::: Data supplied
lemma rect_not_subset_Union_rect:
  fixes C :: "nat \<Rightarrow> real set" and R :: "nat \<Rightarrow> nat \<Rightarrow> real set"
  assumes C: "\<And>i. C i \<in> sets borel" "\<And>i. C i \<notin> null_sets lborel"
    and R: "\<And>n i. R n i \<in> sets borel"
    and "inj s"
    and escape: "\<And>n. (\<exists>i. R n i \<inter> C i \<in> null_sets lborel) \<or>
      C (s n) - R n (s n) \<notin> null_sets lborel"
  shows "\<not> rect C \<subseteq> (\<Union>n. rect (R n))"
proof
  assume cover: "rect C \<subseteq> (\<Union>n. rect (R n))"
  define Null where "Null i = (\<Union>n \<in> {n. R n i \<inter> C i \<in> null_sets lborel}. R n i \<inter> C i)" for i
  define Escaped where
    "Escaped i = (\<Union>n \<in> {n. s n = i \<and> C i - R n i \<notin> null_sets lborel}. R n i)" for i
  have Null: "Null i \<in> null_sets lborel" for i
    unfolding Null_def by (rule null_sets_UN') auto
  have "C i - Escaped i \<notin> null_sets lborel" for i
  proof (cases "\<exists>n. s n = i \<and> C i - R n i \<notin> null_sets lborel")
    case True
    then obtain n where n: "s n = i" "C i - R n i \<notin> null_sets lborel"
      by blast
    then have "{n. s n = i \<and> C i - R n i \<notin> null_sets lborel} = {n}"
      using \<open>inj s\<close> by (auto dest: injD)
    then show ?thesis
      using n by (simp add: Escaped_def)
  next
    case False
    then have "Escaped i = {}"
      by (auto simp: Escaped_def)
    then show ?thesis
      using C(2) by simp
  qed
  moreover have "C i - Escaped i \<in> sets lborel" for i
    unfolding Escaped_def using C(1) R by (intro sets.Diff sets.countable_UN') auto
  ultimately have "\<forall>i. \<exists>y. y \<in> C i - Escaped i - Null i"
    using null_sets_subset[OF Null] by blast
  then obtain x where x: "\<And>i. x i \<in> C i - Escaped i - Null i"
    by (metis choice)
  then have "x \<in> rect C"
    by (simp add: rect_def)
  with cover obtain n where "x \<in> rect (R n)"
    by blast
  then have "x i \<in> R n i" for i
    by (simp add: rect_def)
  with x escape[of n] show False
    unfolding Null_def Escaped_def by blast
qed

definition alternating_side :: "nat \<Rightarrow> real set" where
  "alternating_side i = (if even i then {0..1/2} else {0..4})"

lemma alternating_side_borel [measurable]: "alternating_side i \<in> sets borel"
  by (simp add: alternating_side_def)

lemma emeasure_alternating_side: "emeasure lborel (alternating_side i) = ennreal (if even i then 1/2 else 4)"
  by (simp add: alternating_side_def)

lemma has_vol_Int_alternating_side_zero:
  assumes "finite_rect D"
  shows "has_vol (\<lambda>i. D i \<inter> alternating_side i) 0"
proof -
  obtain v where lim: "(\<lambda>n. \<Prod>i<n. emeasure lborel (D i)) \<longlonglongrightarrow> v" and "v < \<infinity>"
    and D: "\<And>i. D i \<in> sets borel"
    using assms by (auto simp: finite_rect_def has_vol_def)
  have "emeasure lborel (D i \<inter> alternating_side i) \<le> ennreal (1/2)" if "even i" for i
    using emeasure_mono[of "D i \<inter> alternating_side i" "alternating_side i" lborel] that
    by (simp add: emeasure_alternating_side)
  then have "{i. even i} \<subseteq> {i. emeasure lborel (D i \<inter> alternating_side i) \<le> ennreal (1/2)}"
    by blast
  moreover have "infinite (range (\<lambda>k::nat. 2 * k))"
    by (rule range_inj_infinite) (simp add: inj_on_def)
  then have "infinite {i::nat. even i}"
    by (rule infinite_super[rotated]) auto
  ultimately have "infinite {i. emeasure lborel (D i \<inter> alternating_side i) \<le> ennreal (1/2)}"
    using infinite_super by blast
  moreover have "emeasure lborel (D i \<inter> alternating_side i) \<le> emeasure lborel (D i)" for i
    using D by (intro emeasure_mono) auto
  ultimately show ?thesis
    unfolding has_vol_def
    by (intro ennreal_prod_tendsto_zero_if_infinitely_often_le[OF lim \<open>v < \<infinity>\<close>, of _ "1/2"]) auto
qed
::::::
What you should do:
Starting at the line above that contains "by (metis choice)", repeat each line exactly up to and including the line that contains "with x escape[of n] show False", and stop there.

Solution to the problem:
    by (metis choice)
  then have "x \<in> rect C"
    by (simp add: rect_def)
  with cover obtain n where "x \<in> rect (R n)"
    by blast
  then have "x i \<in> R n i" for i
    by (simp add: rect_def)
  with x escape[of n] show False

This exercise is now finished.